Last week one of my cow-orkers had his wife and daughter meet him at work for lunch. I ran into them in the cafeteria and said hi. His daughter is a little over a year old, and she promptly took her pacifier out of her mouth and handed it to me. He later told me he hadn’t seen her do that before. I joked that she thought I was talking to much and wanted to shut me up.
This is just the latest example of how little kids seem to love me. We have many friends with kids aged 5 or less. Two of them decided at one point that Debbi and I are their friends, but they allow their parents to socialize with us, too. Some other friends Debbi goes to visit every week, and I joined her a few weeks ago. The next week when Debbi was going over, apparently the younger child asked if “Uncle Michael” was coming too. And a few years ago whenever we’d fly back east to visit our families, we’d take a red-eye and I’d crash in late morning (since I can’t really sleep on planes), only to wake up covered in couch cushions courtesy of her nieces and nephew.

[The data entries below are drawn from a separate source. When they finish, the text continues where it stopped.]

lemma cond_inner_indicator_sq_le:
  "ennreal ((cmod (cond_inner S (\<lambda>z. indicator A z) (\<lambda>z. indicator B z) x
                    - cond_inner R0 (\<lambda>z. indicator A z) (\<lambda>z. indicator B z) x))\<^sup>2)
    \<le> ennreal ((cmod (cond_inner T (\<lambda>z. indicator A z) (\<lambda>z. indicator B z) x
                      - cond_inner R0 (\<lambda>z. indicator A z) (\<lambda>z. indicator B z) x))\<^sup>2)
      + 4 * ennreal (cmod (cond_inner S (\<lambda>z. indicator A z) (\<lambda>z. indicator B z) x
                           - cond_inner T (\<lambda>z. indicator A z) (\<lambda>z. indicator B z) x))"
  (is "ennreal ((cmod (?S - ?R0))\<^sup>2) \<le> ennreal ((cmod (?T - ?R0))\<^sup>2) + 4 * ennreal (cmod (?S - ?T))")
proof -
  have le2: "cmod (cond_inner R (\<lambda>z. indicator A z) (\<lambda>z. indicator B z) x - ?R0) \<le> 2" for R
    using norm_triangle_ineq4[of "cond_inner R (\<lambda>z. indicator A z) (\<lambda>z. indicator B z) x" ?R0]
      cmod_cond_inner_indicator_le[of R A B x] cmod_cond_inner_indicator_le[of R0 A B x] by simp
  have "(cmod (?S - ?R0))\<^sup>2 \<le> (cmod (?T - ?R0))\<^sup>2 + 4 * cmod (?S - ?T)"
    using norm_sq_le_norm_sq_add[OF le2 le2, of S T] by simp
  then have "ennreal ((cmod (?S - ?R0))\<^sup>2) \<le> ennreal ((cmod (?T - ?R0))\<^sup>2 + 4 * cmod (?S - ?T))"
    by (rule ennreal_leI)
  then show ?thesis
    by (simp add: ennreal_mult)
qed

lemma cond_inner_dist_indicator_le:
  assumes S: "measure_preserving Zsp S" and T: "measure_preserving Zsp T" and R0: "measure_preserving Zsp R0"
    and A: "A \<in> sets Zsp" and B: "B \<in> sets Zsp"
  shows "cond_inner_dist S R0 (\<lambda>z. indicator A z) (\<lambda>z. indicator B z)
    \<le> cond_inner_dist T R0 (\<lambda>z. indicator A z) (\<lambda>z. indicator B z)
      + 4 * ennreal (measure Zsp (sym_diff (S -` A \<inter> space Zsp) (T -` A \<inter> space Zsp)))"
proof -
  let ?f = "\<lambda>z. indicator A z :: complex" and ?g = "\<lambda>z. indicator B z :: complex"
  let ?D = "sym_diff (S -` A \<inter> space Zsp) (T -` A \<inter> space Zsp)"
  have "S -` A \<inter> space Zsp \<in> sets Zsp" "T -` A \<inter> space Zsp \<in> sets Zsp"
    using measurable_sets[OF measure_preserving_measurable[OF S] A]
      measurable_sets[OF measure_preserving_measurable[OF T] A] .
  then have D: "?D \<in> sets Zsp"
    by (intro sets.Un sets.Diff)
  have meas: "cond_inner R ?f ?g \<in> borel_measurable I01" if "measure_preserving Zsp R" for R
    using A B that by (intro borel_measurable_cond_inner) auto
  define d where "d x = ennreal (cmod (cond_inner S ?f ?g x - cond_inner T ?f ?g x))" for x
  have d_meas: "d \<in> borel_measurable I01"
    unfolding d_def using meas[OF S] meas[OF T] by measurable
  have "cond_inner_dist S R0 ?f ?g
      \<le> (\<integral>\<^sup>+x. ennreal ((cmod (cond_inner T ?f ?g x - cond_inner R0 ?f ?g x))\<^sup>2) + 4 * d x \<partial>I01)"
    unfolding cond_inner_dist_def d_def by (intro nn_integral_mono cond_inner_indicator_sq_le)
  also have "\<dots> = cond_inner_dist T R0 ?f ?g + 4 * (\<integral>\<^sup>+x. d x \<partial>I01)"
    unfolding cond_inner_dist_def using meas[OF T] meas[OF R0] d_meas
    by (subst nn_integral_add) (auto simp: nn_integral_cmult)
  also have "(\<integral>\<^sup>+x. d x \<partial>I01) \<le> (\<integral>\<^sup>+x. \<integral>\<^sup>+y. indicator ?D (x, y) \<partial>I01 \<partial>I01)"
    unfolding d_def by (intro nn_integral_mono cond_inner_indicator_diff_le S T A B)
  also have "\<dots> = ennreal (measure Zsp ?D)"
    using D by (simp add: nn_integral_Zsp Zsp.emeasure_eq_measure)
  finally show ?thesis
    by (simp add: add_left_mono mult_left_mono)
qed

I’ve never really wanted kids, but I don’t dislike them (I think I feel compelled to say that because it seems many people perceive that people who don’t want kids also don’t like kids). I sometimes feel a little uneasy around them, like I’m going to say the wrong thing or accidentally hurt one of them. Debbi thinks kids like me because I’m willing to get down on the ground and play with them, or carry them around, or get chased by them. I bet the fact that I rarely fill the roll of the disciplinarian helps, too. (That is, I’m rarely the guy who has to say ‘no’, though I am sometimes the guy who tries to steer them away from things they shouldn’t be getting into.)
None of this really explains how a toddler can take one look at me and decide to share her pacifier with me, though!